The OSCE expressed regret over Ukraine’s decision to ban Russian observers from the country.

Karasin, Ukraine’s Foe of the Week, and a winner of the odious Order of Lenin, need not wait for an explanation from the OSCE. He should listen to what Ukrainian officials, like Foreign Minister Pavlo Klimkin, have said:

“Official observers from Russia – the aggressor state – have no place in observing the elections in a country who is a victim of such an aggression. Even trying to suggest it is politically, morally and legally wrong. Full stop,” Klimkin tweeted on Feb. 8.

Indeed, it is absurd Russia, which is an authoritarian police state, verging on fascism, should be put in a position to pass judgement on the conduct of elections in a democracy like Ukraine.

What can the Kremlin, which organized a sham referendum in occupied Crimea in a vain attempt to legitimize its grubby land grab of the peninsula, teach Ukrainians about democracy?
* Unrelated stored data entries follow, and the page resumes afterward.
(* Let $\Psi:\mathbb{R}\to\mathrm{Sp}(\mathbb{R}^{2n})$ be smooth with $\Psi(0)=\mathbb{1}$, $\Psi(t+T)=\Psi(t)\Psi(T)$ and $\Psi(-t)=I_{\mathbb{R}^{2n}}\Psi(t)I_{\mathbb{R}^{2n}}$ for all $t$. Then $\dim\ker(\Psi(T)-\mathbb{1}_{\mathbb{R}^{2n}})=0$ if and only if both $\Psi(T/2)\mathbb{R}^n\cap\mathbb{R}^n=\{0\}$ and $\Psi(T/2)\,i\mathbb{R}^n\cap i\mathbb{R}^n=\{0\}$.
   Context: $I_{\mathbb{R}^{2n}}=\begin{pmatrix}\mathbb{1}_n&0\\0&-\mathbb{1}_n\end{pmatrix}$ on $\mathbb{R}^{2n}=\mathbb{R}^n\oplus i\mathbb{R}^n$ with $\omega_{std}=\sum dx_i\wedge dy_i$; $\mathbb{R}^n=\mathrm{Fix}\,I_{\mathbb{R}^{2n}}$ and $i\mathbb{R}^n=\mathrm{Fix}(-I_{\mathbb{R}^{2n}})$. (Note that the hypotheses imply $\Psi(T)=I_{\mathbb{R}^{2n}}\Psi(T/2)^{-1}I_{\mathbb{R}^{2n}}\Psi(T/2)$.) *)

theory Defs
  imports "HOL-Analysis.Analysis"
begin

text \<open>R^{2n} = R^n (+) iR^n is modelled as real^('n + 'n): coordinate Inl i is x_i,
  coordinate Inr i is y_i.\<close>

definition omega_std :: "real^('n::finite + 'n) \<Rightarrow> real^('n + 'n) \<Rightarrow> real" where
  "omega_std u v = (\<Sum>i\<in>UNIV. u $ Inl i * v $ Inr i - u $ Inr i * v $ Inl i)"

definition symplectic :: "real^('n::finite + 'n)^('n + 'n) \<Rightarrow> bool" where
  "symplectic A \<longleftrightarrow> (\<forall>u v. omega_std (A *v u) (A *v v) = omega_std u v)"

definition Irefl :: "real^('n::finite + 'n)^('n + 'n)" where
  "Irefl = (\<chi> i j. if i = j then (case i of Inl _ \<Rightarrow> 1 | Inr _ \<Rightarrow> -1) else 0)"

definition realpart :: "(real^('n::finite + 'n)) set" where
  "realpart = {x. \<forall>i. x $ Inr i = 0}"

definition imagpart :: "(real^('n::finite + 'n)) set" where
  "imagpart = {x. \<forall>i. x $ Inl i = 0}"

definition smooth_curve :: "(real \<Rightarrow> 'a::real_normed_vector) \<Rightarrow> bool" where
  "smooth_curve f \<longleftrightarrow> (\<exists>D :: nat \<Rightarrow> real \<Rightarrow> 'a. D 0 = f \<and>
     (\<forall>k t. (D k has_vector_derivative D (Suc k) t) (at t)))"

end

theory Submission
  imports Defs
begin

text \<open>Writing P = \<Psi>(T/2) and Q = \<Psi>(T), the hypotheses give P = I P I Q with I = Irefl an
  involution. Since P is injective (it is symplectic), Q x = x holds exactly when I P x = P I x.
  Splitting x = a + b with a real and b imaginary, I P x = P I x says precisely that P a is real
  and P b is imaginary; so Q has a nonzero fixed vector if and only if P maps a nonzero real or a
  nonzero imaginary vector into the same subspace.\<close>

lemma symplectic_mult_eq_0_imp:
  assumes "symplectic A" "A *v u = 0"
  shows "u = 0"
proof -
  \<comment> \<open>J u is the complex structure applied to u, so that omega_std u (J u) = |u|^2.\<close>
  define J where "J = (\<chi> k. case k of Inl i \<Rightarrow> - u $ Inr i | Inr i \<Rightarrow> u $ Inl i)"
  have "omega_std u J = omega_std (A *v u) (A *v J)"
    using assms(1) by (simp add: symplectic_def)
  also have "\<dots> = 0"
    using assms(2) by (simp add: omega_std_def)
  finally have "(\<Sum>i\<in>UNIV. (u $ Inl i)\<^sup>2 + (u $ Inr i)\<^sup>2) = 0"
    by (simp add: omega_std_def J_def power2_eq_square)
  then have "\<forall>i. u $ Inl i = 0 \<and> u $ Inr i = 0"
    by (simp add: sum_nonneg_eq_0_iff sum_power2_eq_zero_iff)
  then show ?thesis
    by (metis sum.exhaust vec_eq_iff zero_index)
qed

lemma Irefl_Inl [simp]: "(Irefl *v x) $ Inl i = x $ Inl i"
proof -
  have "(Irefl *v x) $ Inl i = (\<Sum>j\<in>UNIV. if Inl i = j then x $ j else 0)"
    unfolding Irefl_def matrix_vector_mult_def vec_lambda_beta by (rule sum.cong) auto
  then show ?thesis by simp
qed

lemma Irefl_Inr [simp]: "(Irefl *v x) $ Inr i = - x $ Inr i"
proof -
  have "(Irefl *v x) $ Inr i = (\<Sum>j\<in>UNIV. if Inr i = j then - x $ j else 0)"
    unfolding Irefl_def matrix_vector_mult_def vec_lambda_beta by (rule sum.cong) auto
  then show ?thesis by simp
qed

lemma Irefl_Irefl [simp]: "Irefl *v (Irefl *v x) = x"
  by (simp add: vec_eq_iff split_sum_all)

lemma Irefl_realpart: "a \<in> realpart \<Longrightarrow> Irefl *v a = a"
  by (simp add: realpart_def vec_eq_iff split_sum_all)

lemma Irefl_imagpart: "b \<in> imagpart \<Longrightarrow> Irefl *v b = - b"
  by (simp add: imagpart_def vec_eq_iff split_sum_all)

lemma zero_in_realpart: "0 \<in> realpart" and zero_in_imagpart: "0 \<in> imagpart"
  by (simp_all add: realpart_def imagpart_def)

lemma realpart_imagpart_decomp:
  obtains a b where "a \<in> realpart" "b \<in> imagpart" "x = a + b"
proof
  show "(1/2) *\<^sub>R (x + Irefl *v x) \<in> realpart" "(1/2) *\<^sub>R (x - Irefl *v x) \<in> imagpart"
    by (simp_all add: realpart_def imagpart_def)
  show "x = (1/2) *\<^sub>R (x + Irefl *v x) + (1/2) *\<^sub>R (x - Irefl *v x)"
    by (simp add: vec_eq_iff field_simps)
qed

lemma Irefl_add_eq_diff_iff:
  "Irefl *v (y + z) = y - z \<longleftrightarrow> y \<in> realpart \<and> z \<in> imagpart"
  by (force simp: realpart_def imagpart_def vec_eq_iff split_sum_all)

lemma fixed_point_iff_commutes:
  fixes P Q I :: "real^'m^'m"
  assumes conj: "P = I ** P ** I ** Q"
    and involution: "\<And>v. I *v (I *v v) = v"
    and inj: "\<And>u. P *v u = 0 \<Longrightarrow> u = 0"
  shows "Q *v x = x \<longleftrightarrow> I *v (P *v x) = P *v (I *v x)"
proof -
  have "I *v (P *v x) = I *v (I *v (P *v (I *v (Q *v x))))"
    by (subst conj) (simp add: matrix_vector_mul_assoc matrix_mul_assoc)
  then have IP: "I *v (P *v x) = P *v (I *v (Q *v x))"
    by (simp only: involution)
  have "Q *v x = x \<longleftrightarrow> I *v (Q *v x - x) = 0"
    by (metis involution matrix_vector_mult_0_right eq_iff_diff_eq_0)
  also have "\<dots> \<longleftrightarrow> P *v (I *v (Q *v x - x)) = 0"
    using inj by auto
  also have "\<dots> \<longleftrightarrow> I *v (P *v x) = P *v (I *v x)"
    by (simp add: IP matrix_vector_mult_diff_distrib)
  finally show ?thesis .
qed

lemma Irefl_commutes_iff:
  fixes P :: "real^('n::finite + 'n)^('n + 'n)"
  assumes "a \<in> realpart" "b \<in> imagpart"
  shows "Irefl *v (P *v (a + b)) = P *v (Irefl *v (a + b))
         \<longleftrightarrow> P *v a \<in> realpart \<and> P *v b \<in> imagpart"
proof -
  have "P *v (Irefl *v (a + b)) = P *v a - P *v b"
    using assms by (simp add: Irefl_realpart Irefl_imagpart matrix_vector_right_distrib
        matrix_vector_mult_diff_distrib)
  then show ?thesis
    by (metis matrix_vector_right_distrib Irefl_add_eq_diff_iff)
qed

lemma image_inter_self_eq_zero_iff:
  assumes "0 \<in> S" "f 0 = 0"
  shows "f ` S \<inter> S = {0} \<longleftrightarrow> (\<forall>a\<in>S. f a \<in> S \<longrightarrow> f a = 0)"
  using assms by (auto simp: image_iff)

lemma no_Irefl_commuting_vector_iff:
  fixes P :: "real^('n::finite + 'n)^('n + 'n)"
  assumes inj: "\<And>u. P *v u = 0 \<Longrightarrow> u = 0"
  shows "(\<forall>x. Irefl *v (P *v x) = P *v (Irefl *v x) \<longrightarrow> x = 0) \<longleftrightarrow>
         ((\<lambda>x. P *v x) ` realpart \<inter> realpart = {0} \<and> (\<lambda>x. P *v x) ` imagpart \<inter> imagpart = {0})"
proof -
  have inj_iff: "P *v u = 0 \<longleftrightarrow> u = 0" for u
    using inj by auto
  have "(\<lambda>x. P *v x) ` realpart \<inter> realpart = {0} \<longleftrightarrow> (\<forall>a\<in>realpart. P *v a \<in> realpart \<longrightarrow> a = 0)"
    and "(\<lambda>x. P *v x) ` imagpart \<inter> imagpart = {0} \<longleftrightarrow> (\<forall>b\<in>imagpart. P *v b \<in> imagpart \<longrightarrow> b = 0)"
    by (simp_all add: image_inter_self_eq_zero_iff zero_in_realpart zero_in_imagpart inj_iff)
  moreover have "(\<forall>x. Irefl *v (P *v x) = P *v (Irefl *v x) \<longrightarrow> x = 0) \<longleftrightarrow>
      (\<forall>a\<in>realpart. P *v a \<in> realpart \<longrightarrow> a = 0) \<and> (\<forall>b\<in>imagpart. P *v b \<in> imagpart \<longrightarrow> b = 0)"
  proof (intro iffI conjI ballI impI allI)
    fix a assume none: "\<forall>x. Irefl *v (P *v x) = P *v (Irefl *v x) \<longrightarrow> x = 0"
      and "a \<in> realpart" "P *v a \<in> realpart"
    then have "Irefl *v (P *v a) = P *v (Irefl *v a)"
      using Irefl_commutes_iff[of a 0 P] zero_in_imagpart by simp
    with none show "a = 0"
      by blast
  next
    fix b assume none: "\<forall>x. Irefl *v (P *v x) = P *v (Irefl *v x) \<longrightarrow> x = 0"
      and "b \<in> imagpart" "P *v b \<in> imagpart"
    then have "Irefl *v (P *v b) = P *v (Irefl *v b)"
      using Irefl_commutes_iff[of 0 b P] zero_in_realpart by simp
    with none show "b = 0"
      by blast
  next
    fix x assume parts: "(\<forall>a\<in>realpart. P *v a \<in> realpart \<longrightarrow> a = 0) \<and>
        (\<forall>b\<in>imagpart. P *v b \<in> imagpart \<longrightarrow> b = 0)"
      and commutes: "Irefl *v (P *v x) = P *v (Irefl *v x)"
    obtain a b where ab: "a \<in> realpart" "b \<in> imagpart" "x = a + b"
      by (rule realpart_imagpart_decomp)
    with commutes have "P *v a \<in> realpart" "P *v b \<in> imagpart"
      using Irefl_commutes_iff by blast+
    with ab parts show "x = 0"
      by auto
  qed
  ultimately show ?thesis
    by simp
qed

theorem proposition3p4:
  fixes \<Psi> :: "real \<Rightarrow> real^('n::finite + 'n)^('n + 'n)" and T :: real
  assumes "smooth_curve \<Psi>"
    and "\<forall>t. symplectic (\<Psi> t)"
    and "\<Psi> 0 = mat 1"
    and "\<forall>t. \<Psi> (t + T) = \<Psi> t ** \<Psi> T"
    and "\<forall>t. \<Psi> (- t) = Irefl ** \<Psi> t ** Irefl"
  shows "dim {x. (\<Psi> T - mat 1) *v x = 0} = 0 \<longleftrightarrow>
         ((\<lambda>x. \<Psi> (T/2) *v x) ` realpart \<inter> realpart = {0} \<and>
          (\<lambda>x. \<Psi> (T/2) *v x) ` imagpart \<inter> imagpart = {0})"
proof -
  have "\<Psi> (T/2) = \<Psi> (- (T/2) + T)"
    by simp
  then have conj: "\<Psi> (T/2) = Irefl ** \<Psi> (T/2) ** Irefl ** \<Psi> T"
    using assms(4,5) by metis
  have inj: "\<And>u. \<Psi> (T/2) *v u = 0 \<Longrightarrow> u = 0"
    using assms(2) symplectic_mult_eq_0_imp by blast
  have "dim {x. (\<Psi> T - mat 1) *v x = 0} = 0 \<longleftrightarrow> (\<forall>x. \<Psi> T *v x = x \<longrightarrow> x = 0)"
    by (auto simp: matrix_vector_mult_diff_rdistrib)
  also have "\<dots> \<longleftrightarrow> (\<forall>x. Irefl *v (\<Psi> (T/2) *v x) = \<Psi> (T/2) *v (Irefl *v x) \<longrightarrow> x = 0)"
    using fixed_point_iff_commutes[OF conj Irefl_Irefl inj] by simp
  finally show ?thesis
    using no_Irefl_commuting_vector_iff[OF inj] by simp
qed

end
What does a country which has effectively had the same leader since the last day of 1999 know about the democratic transition of power?

And what did the OSCE itself conclude from its monitoring of the last presidential elections in Russia, in March 2018? According to its report, the OSCE found the alleged election was held in “an overly controlled legal and political environment marked by continued pressure on critical voices.”

There were “restrictions on the fundamental freedoms of assembly, association and expression, as well as on candidate registration,” during the campaign, and “the extensive and uncritical coverage of the incumbent as president in most media resulted in an uneven playing field,” meaning that the so-called election “lacked genuine competition.”

On top of that, “a number of activists who questioned the legitimacy of the election were detained,” and “instances of pressure on voters to take part in the election were reported” to the OSCE’s monitoring mission.

These “violations contravene a number of OSCE commitments and other international obligations regarding freedom and equality in the campaign,” the OSCE concluded.

Russia’s own “democracy” is a sham.

Yet the Russian media are already raising doubts about the legitimacy of the upcoming presidential elections in Ukraine, egged on by Kremlin functionaries of the likes of Karasin. On a recent talk show, the Kremlin propagandist Olga Skabeeva made the ludicrous but still threatening suggestion that Moscow should refuse to recognize the legitimacy of the next Ukrainian president if its observers are not allowed into Ukraine.

Whether the OSCE recognizes it or not, Russia has been waging a war of aggression on Ukraine since Feb. 2014, attempting to undermine and de-legitimize Ukraine using military action, propaganda, subterfuge, cyberattacks, and political and economic pressure. Any opinions given by Russian observers about Ukraine’s elections would certainly be biased, and negative. The credibility of any OSCE observer mission that included observers sent by the Kremlin would be damaged, both in the eyes of Ukrainians and by many others around the world.

Meanwhile, Ukraine should be asking for some explanations from the OSCE as well, namely: Why does this organization allow itself to be played so easily by Moscow? And why has Russia, which has violated its commitments to the OSCE far more grievously than Ukraine – by invading and occupying its neighbor’s territory, and by committing acts of war such as cross-border shelling and attacks on Ukrainian naval vessels – still not had its OSCE membership suspended, or more appropriately, revoked?